12 of 245 comments (clear)

  1. Re:Assembly line CS and REAL CS. by dillon_rinker · · Score: 3

    In other words, CS != MIS . My university offered degrees in both. You didn't learn about Novell in the CS curriculum, and you didn't study the principle of mathematical induction (in three separate courses!) in the MIS curriculum. But have you read the classifieds lately? To most managers (MBA DEFINITELY != CS), a CS degree is a computer degree. I've seen jobs for NT admins, VB programmers (I am one, so don't get your knickers is a knot), HTML writers, and even tape monkeys, where one of the REQUIREMENTS for an interview was a CS degree.

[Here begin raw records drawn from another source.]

lemma entire_ode2_iff_fps:
  fixes u p q :: "complex \<Rightarrow> complex"
  assumes hol: "u holomorphic_on UNIV" "p holomorphic_on UNIV" "q holomorphic_on UNIV"
    and exp: "u has_fps_expansion F" "p has_fps_expansion P" "q has_fps_expansion Q"
  shows "(\<forall>z. deriv (deriv u) z + p z * deriv u z + q z * u z = 0) \<longleftrightarrow>
         fps_deriv (fps_deriv F) + P * fps_deriv F + Q * F = 0"
proof -
  define g where "g z = deriv (deriv u) z + p z * deriv u z + q z * u z" for z
  have "g holomorphic_on UNIV"
    unfolding g_def using hol by (intro holomorphic_intros holomorphic_deriv) auto
  moreover have g: "g has_fps_expansion fps_deriv (fps_deriv F) + P * fps_deriv F + Q * F"
    unfolding g_def[abs_def] using exp by (intro fps_expansion_intros)
  ultimately have "g z = eval_fps (fps_deriv (fps_deriv F) + P * fps_deriv F + Q * F) z" for z
    by (rule entire_eq_eval_fps)
  moreover have "g = (\<lambda>_. 0) \<Longrightarrow> fps_deriv (fps_deriv F) + P * fps_deriv F + Q * F = 0"
    using g by (intro fps_expansion_unique_complex[of "\<lambda>_. 0"]) auto
  ultimately show ?thesis
    unfolding g_def by auto
qed

lemma entire_ode2_unique:
  fixes u w p q :: "complex \<Rightarrow> complex"
  assumes hol: "u holomorphic_on UNIV" "w holomorphic_on UNIV"
      "p holomorphic_on UNIV" "q holomorphic_on UNIV"
    and u: "\<And>z. deriv (deriv u) z + p z * deriv u z + q z * u z = 0"
    and w: "\<And>z. deriv (deriv w) z + p z * deriv w z + q z * w z = 0"
    and init: "u 0 = w 0" "deriv u 0 = deriv w 0"
  shows "u = w"
proof -
  define P Q where "P = fps_expansion p 0" and "Q = fps_expansion q 0"
  have expansion: "f has_fps_expansion fps_expansion f 0" if "f holomorphic_on UNIV" for f
    using that by (intro has_fps_expansion_fps_expansion) auto
  have fps_ode: "fps_deriv (fps_deriv (fps_expansion f 0)) + P * fps_deriv (fps_expansion f 0)
      + Q * fps_expansion f 0 = 0"
    if "f holomorphic_on UNIV" "\<And>z. deriv (deriv f) z + p z * deriv f z + q z * f z = 0" for f
    using entire_ode2_iff_fps[OF that(1) hol(3,4) expansion[OF that(1)] expansion expansion]
      hol that(2)
    unfolding P_def Q_def by blast
  have "fps_expansion u 0 = fps_expansion w 0"
  proof (rule fps_ode2_unique)
    show "fps_nth (fps_expansion u 0) 0 = fps_nth (fps_expansion w 0) 0"
      "fps_nth (fps_expansion u 0) 1 = fps_nth (fps_expansion w 0) 1"
      using init by (simp_all add: fps_expansion_def)
  qed (fact fps_ode[OF hol(1) u], fact fps_ode[OF hol(2) w])
  then show ?thesis
    using entire_eq_eval_fps[OF hol(1) expansion] entire_eq_eval_fps[OF hol(2) expansion] hol
    by auto
qed

lemma the_entire_ode2_solution:
  fixes u p q :: "complex \<Rightarrow> complex"
  assumes hol: "u holomorphic_on UNIV" "p holomorphic_on UNIV" "q holomorphic_on UNIV"
    and u: "\<And>z. deriv (deriv u) z + p z * deriv u z + q z * u z = 0"
  shows "(THE w. w holomorphic_on UNIV \<and> w 0 = u 0 \<and> deriv w 0 = deriv u 0 \<and>
            (\<forall>z. deriv (deriv w) z + p z * deriv w z + q z * w z = 0)) = u"
  using assms entire_ode2_unique[OF _ hol(1-3) _ u] by (intro the_equality) auto

section \<open>The power series solution of v'' = a z^(k-1) v\<close>

lemma le_Max_initial_segment:
  fixes s :: "nat \<Rightarrow> 'a::linorder"
  assumes "\<And>n. n > N \<Longrightarrow> \<exists>j<n. s n \<le> s j"
  shows "s n \<le> Max (s ` {..N})"
proof (induction n rule: less_induct)
  case (less n)
  show ?case
  proof (cases "n \<le> N")
    case True
    then show ?thesis by (intro Max_ge) auto
  next
    case False
    then obtain j where "j < n" "s n \<le> s j" using assms[of n] by auto
    with less.IH show ?thesis by fastforce
  qed
qed

fun v_coeff :: "real \<Rightarrow> nat \<Rightarrow> nat \<Rightarrow> real" where
  "v_coeff a k 0 = -1"
| "v_coeff a k (Suc 0) = 1"
| "v_coeff a k (Suc (Suc n)) =
     (if k \<le> Suc n then a * v_coeff a k (Suc n - k) / (real (n + 2) * real (n + 1)) else 0)"

lemma v_coeff_eq_0:
  assumes "2 \<le> n" "n \<le> k"
  shows "v_coeff a k n = 0"
proof -
  have n: "n = Suc (Suc (n - 2))" using assms(1) by arith
  show ?thesis using assms by (subst n) simp
qed

lemma v_coeff_shift:
  assumes "k \<ge> 1"
  shows "v_coeff a k (n + k + 1) = a * v_coeff a k n / (real (n + k + 1) * real (n + k))"
proof -
  obtain j where k: "k = Suc j" using assms by (cases k) auto
  have "n + k + 1 = Suc (Suc (n + j))" "n + k = Suc (n + j)" by (simp_all add: k)
  then show ?thesis by (simp only: v_coeff.simps) (simp add: k)
qed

    I would also note that programming is not necessarily computer science, if you believe that CS is a scientific discipline. Most programming is more along the lines of engineering. You have to study physics to become a civil engineer, but building bridges does not make you a physicist. I don't think you're doing REAL computer science unless you're researching clever new algorithms in conjunction with others in the field who are studying the same kind of problem that the algorithm applies to. (I think the people who write 3-D engines for Quake etc. are doing computer science.) If you're writing a Visual Basic front end to an Access database, or even an HTML front-end for a Perl interface to a MySQL database, I don't care what your degree says; you're not dong computer science. At best, you're a computer scientist in the sense that all those waiters in LA are really actors.

  2. computers in education by ijones · · Score: 3

    "Computer science courses teach skills and techniques, but they don't teach critical thinking the way physics does,"

    Now that's a great quote. It's probably true at some universities. At a certain university, there's lots of debate among undergrads about the "theoretical vs practical" teaching of computer science. Basically, there's complaining that, though the introductory classes teach component engineering, function specifications, algorithms &C, they should actually be teaching us how to use Visual Basic so that we can get internships the summer after our sophmore year.

    Fortunitally, some students prefer to learn real computer science.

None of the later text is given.